**TASK OBJECTIVE**
What do the lines say, reproduced word for word, from the first of the entries below through the line bearing "with xs have"?

··· RECORDS SUPPLIED

lemma component_closed:
  assumes "is_component W F C" "u \<in> C" "{u, v} \<in> F" "v \<in> W"
  shows "v \<in> C"
proof -
  obtain c where C: "C = {v. \<exists>xs. is_path W F xs \<and> hd xs = c \<and> last xs = v}"
    using assms(1) unfolding is_component_def by blast
  obtain xs where xs: "is_path W F xs" "hd xs = c" "last xs = u"
    using assms(2) C by blast
  have "xs \<noteq> []"
    using xs(1) by (simp add: is_path_def)
  show ?thesis
  proof (cases "v \<in> set xs")
    case True
    then obtain as bs where "xs = as @ v # bs"
      by (metis split_list)
    with xs have "is_path W F (as @ [v])" "hd (as @ [v]) = c"
      using is_path_append[of "as @ [v]" bs] by (auto simp: hd_append split: if_splits)
    then show ?thesis
      using C by force
  next
    case False
    have "is_path W F [v]"
      using assms(4) by (simp add: is_path_def)
    with False have "is_path W F (xs @ [v])"
      using xs \<open>xs \<noteq> []\<close> assms(3) is_path_append[of xs "[v]"] by simp
    then show ?thesis
      using C xs(2) \<open>xs \<noteq> []\<close> by force
  qed
qed

locale bridge =
  fixes V :: "'a set" and E :: "'a set set" and C :: "'a set" and l y :: 'a
  assumes no_empty_edge: "{} \<notin> E"
    and C_subset: "C \<subseteq> V" and l_in_C: "l \<in> C" and y_notin_C: "y \<notin> C"
    and bridge_edge: "{l, y} \<in> E"
    and only_bridge_crosses: "\<forall>e\<in>E. e \<subseteq> C \<or> e \<inter> C = {} \<or> e = {l, y}"
begin

lemma inner_outer_edges_disjoint: "induced_edges E C \<inter> induced_edges E (V - C) = {}"
proof -
  have "e = {}" if "e \<subseteq> C" "e \<subseteq> V - C" for e :: "'a set"
    using that by blast
  then show ?thesis
    using no_empty_edge unfolding induced_edges_def by blast
qed

lemma bridge_edge_not_inner: "{l, y} \<notin> induced_edges E C"
  and bridge_edge_not_outer: "{l, y} \<notin> induced_edges E (V - C)"
  using l_in_C y_notin_C unfolding induced_edges_def by auto

lemma path_cut_edges: "is_path V E xs \<Longrightarrow> \<forall>e\<in>path_edges xs. e \<subseteq> C \<or> e \<inter> C = {} \<or> e = {l, y}"
  using only_bridge_crosses by (auto simp: is_path_iff)

lemma path_inside:
  assumes "is_path V E xs" "hd xs \<in> C" "last xs \<in> C"
  shows "is_path C (induced_edges E C) xs"
proof -
  have "set xs \<subseteq> C"
    using assms(1) path_stays_behind_cut_edge[OF _ assms(2,3) l_in_C y_notin_C path_cut_edges[OF assms(1)]]
    by (simp add: is_path_def)
  then show ?thesis
    using is_path_induced[OF assms(1)] by blast
qed

lemma path_outside:
  assumes "is_path V E xs" "hd xs \<notin> C" "last xs \<notin> C"
  shows "is_path (V - C) (induced_edges E (V - C)) xs"
proof -
  have "\<forall>e\<in>path_edges xs. e \<subseteq> - C \<or> e \<inter> - C = {} \<or> e = {y, l}"
    using path_cut_edges[OF assms(1)] by (auto simp: insert_commute)
  then have "set xs \<subseteq> - C"
    using assms(1-3) path_stays_behind_cut_edge[of xs "- C" y l] l_in_C y_notin_C
    by (simp add: is_path_def)
  moreover have "set xs \<subseteq> V"
    using assms(1) by (simp add: is_path_def)
  ultimately show ?thesis
    using is_path_induced[OF assms(1), of "V - C"] by blast
qed

lemma path_leaving:
  assumes "is_path V E xs" "hd xs \<in> C" "last xs \<notin> C"
  obtains ys zs where "xs = ys @ zs" "is_path C (induced_edges E C) ys"
    "is_path (V - C) (induced_edges E (V - C)) zs" "last ys = l" "hd zs = y"
    "path_edges xs = insert {l, y} (path_edges ys \<union> path_edges zs)"
proof -
  have "distinct xs" "\<not> set xs \<subseteq> C"
    using assms(1,3) last_in_set by (fastforce simp: is_path_def)+
  then obtain ys zs where yz: "xs = ys @ zs" "ys \<noteq> []" "zs \<noteq> []" "set ys \<subseteq> C"
      "set zs \<inter> C = {}" "last ys = l" "hd zs = y"
    by (rule path_split_at_cut_edge[OF _ assms(2) _ l_in_C y_notin_C path_cut_edges[OF assms(1)]])
  have ys: "is_path V E ys" and zs: "is_path V E zs"
    using assms(1) is_path_append[OF yz(2,3)] yz(1) by simp_all
  have "set zs \<subseteq> V - C"
    using zs yz(5) by (auto simp: is_path_def)
  moreover have "path_edges xs = insert {l, y} (path_edges ys \<union> path_edges zs)"
    using path_edges_append[OF yz(2,3)] yz(1,6,7) by simp
  ultimately show ?thesis
    using that yz(1,6,7) is_path_induced[OF ys yz(4)] is_path_induced[OF zs] by blast
qed

lemma path_join:
  assumes "is_path C (induced_edges E C) ys" "is_path (V - C) (induced_edges E (V - C)) zs"
    and "last ys = l" "hd zs = y"
  shows "is_path V E (ys @ zs)"
proof -
  have "is_path V E ys" "is_path V E zs"
    using assms(1,2) C_subset is_path_mono induced_edges_subset by blast+
  moreover have "set ys \<inter> set zs = {}"
    using assms(1,2) by (auto simp: is_path_def)
  moreover have "ys \<noteq> []" "zs \<noteq> []"
    using assms(1,2) by (auto simp: is_path_def)
  ultimately show ?thesis
    using is_path_append[of ys zs] bridge_edge assms(3,4) by simp
qed

lemma routing_inner:
  assumes "routing V E P f"
  shows "routing C (induced_edges E C) (inner_pairs P C) f"
proof (rule routing_subset[OF assms])
  show "inner_pairs P C \<subseteq> P"
    by (auto simp: inner_pairs_def)
  show "\<forall>p\<in>inner_pairs P C. is_path C (induced_edges E C) (f p)"
  proof
    fix p assume "p \<in> inner_pairs P C"
    then have "p \<in> P" "p \<subseteq> C"
      by (auto simp: inner_pairs_def)
    then show "is_path C (induced_edges E C) (f p)"
      using path_inside routingD(1,2)[OF assms] by (metis insert_subset)
  qed
qed

lemma routing_outer:
  assumes "routing V E P f" "Q \<subseteq> P" "\<forall>p\<in>Q. p \<inter> C = {}"
  shows "routing (V - C) (induced_edges E (V - C)) Q f"
proof (rule routing_subset[OF assms(1,2)])
  show "\<forall>p\<in>Q. is_path (V - C) (induced_edges E (V - C)) (f p)"
  proof
    fix p assume "p \<in> Q"
    then have "p \<in> P" "p \<inter> C = {}"
      using assms(2,3) by auto
    then show "is_path (V - C) (induced_edges E (V - C)) (f p)"
      using path_outside routingD(1,2)[OF assms(1)] by (metis disjoint_iff insertCI)
  qed
qed

lemma routing_leaving_pair:
  assumes "routing V E P f" "{s, t} \<in> P" "s \<in> C" "t \<notin> C"
  obtains ys zs where "is_path C (induced_edges E C) ys" "is_path (V - C) (induced_edges E (V - C)) zs"
    "hd ys = s" "last ys = l" "hd zs = y" "last zs = t"
    "path_edges (f {s, t}) = insert {l, y} (path_edges ys \<union> path_edges zs)"
proof -
  obtain xs where xs: "is_path V E xs" "hd xs = s" "last xs = t" "path_edges xs = path_edges (f {s, t})"
    by (rule obtain_oriented_path[OF routingD(1,2)[OF assms(1,2)]])
  obtain ys zs where yz: "xs = ys @ zs" "is_path C (induced_edges E C) ys"
      "is_path (V - C) (induced_edges E (V - C)) zs" "last ys = l" "hd zs = y"
      "path_edges xs = insert {l, y} (path_edges ys \<union> path_edges zs)"
    using path_leaving[OF xs(1)] xs(2,3) assms(3,4) by blast
  have "ys \<noteq> []" "zs \<noteq> []"
    using yz(2,3) by (auto simp: is_path_def)
  then have "hd ys = s" "last zs = t"
    using xs(2,3) yz(1) by simp_all
  then show ?thesis
    using that yz(2-6) xs(4) by simp
qed

lemma routing_glue:
  assumes "routing C (induced_edges E C) Q f" "routing (V - C) (induced_edges E (V - C)) R g"
  shows "routing V E (Q \<union> R) (\<lambda>p. if p \<in> R then g p else f p)"
proof (rule routing_union)
  show "routing V E Q f" "routing V E R g"
    using routing_mono assms C_subset induced_edges_subset by blast+
  show "\<forall>p\<in>Q. \<forall>q\<in>R. path_edges (f p) \<inter> path_edges (g q) = {}"
    using routingD(1)[OF assms(1)] routingD(1)[OF assms(2)] inner_outer_edges_disjoint
    by (fastforce simp: is_path_iff)
qed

······

**PROBLEM SOLUTION**
lemma component_closed:
  assumes "is_component W F C" "u \<in> C" "{u, v} \<in> F" "v \<in> W"
  shows "v \<in> C"
proof -
  obtain c where C: "C = {v. \<exists>xs. is_path W F xs \<and> hd xs = c \<and> last xs = v}"
    using assms(1) unfolding is_component_def by blast
  obtain xs where xs: "is_path W F xs" "hd xs = c" "last xs = u"
    using assms(2) C by blast
  have "xs \<noteq> []"
    using xs(1) by (simp add: is_path_def)
  show ?thesis
  proof (cases "v \<in> set xs")
    case True
    then obtain as bs where "xs = as @ v # bs"
      by (metis split_list)
    with xs have "is_path W F (as @ [v])" "hd (as @ [v]) = c"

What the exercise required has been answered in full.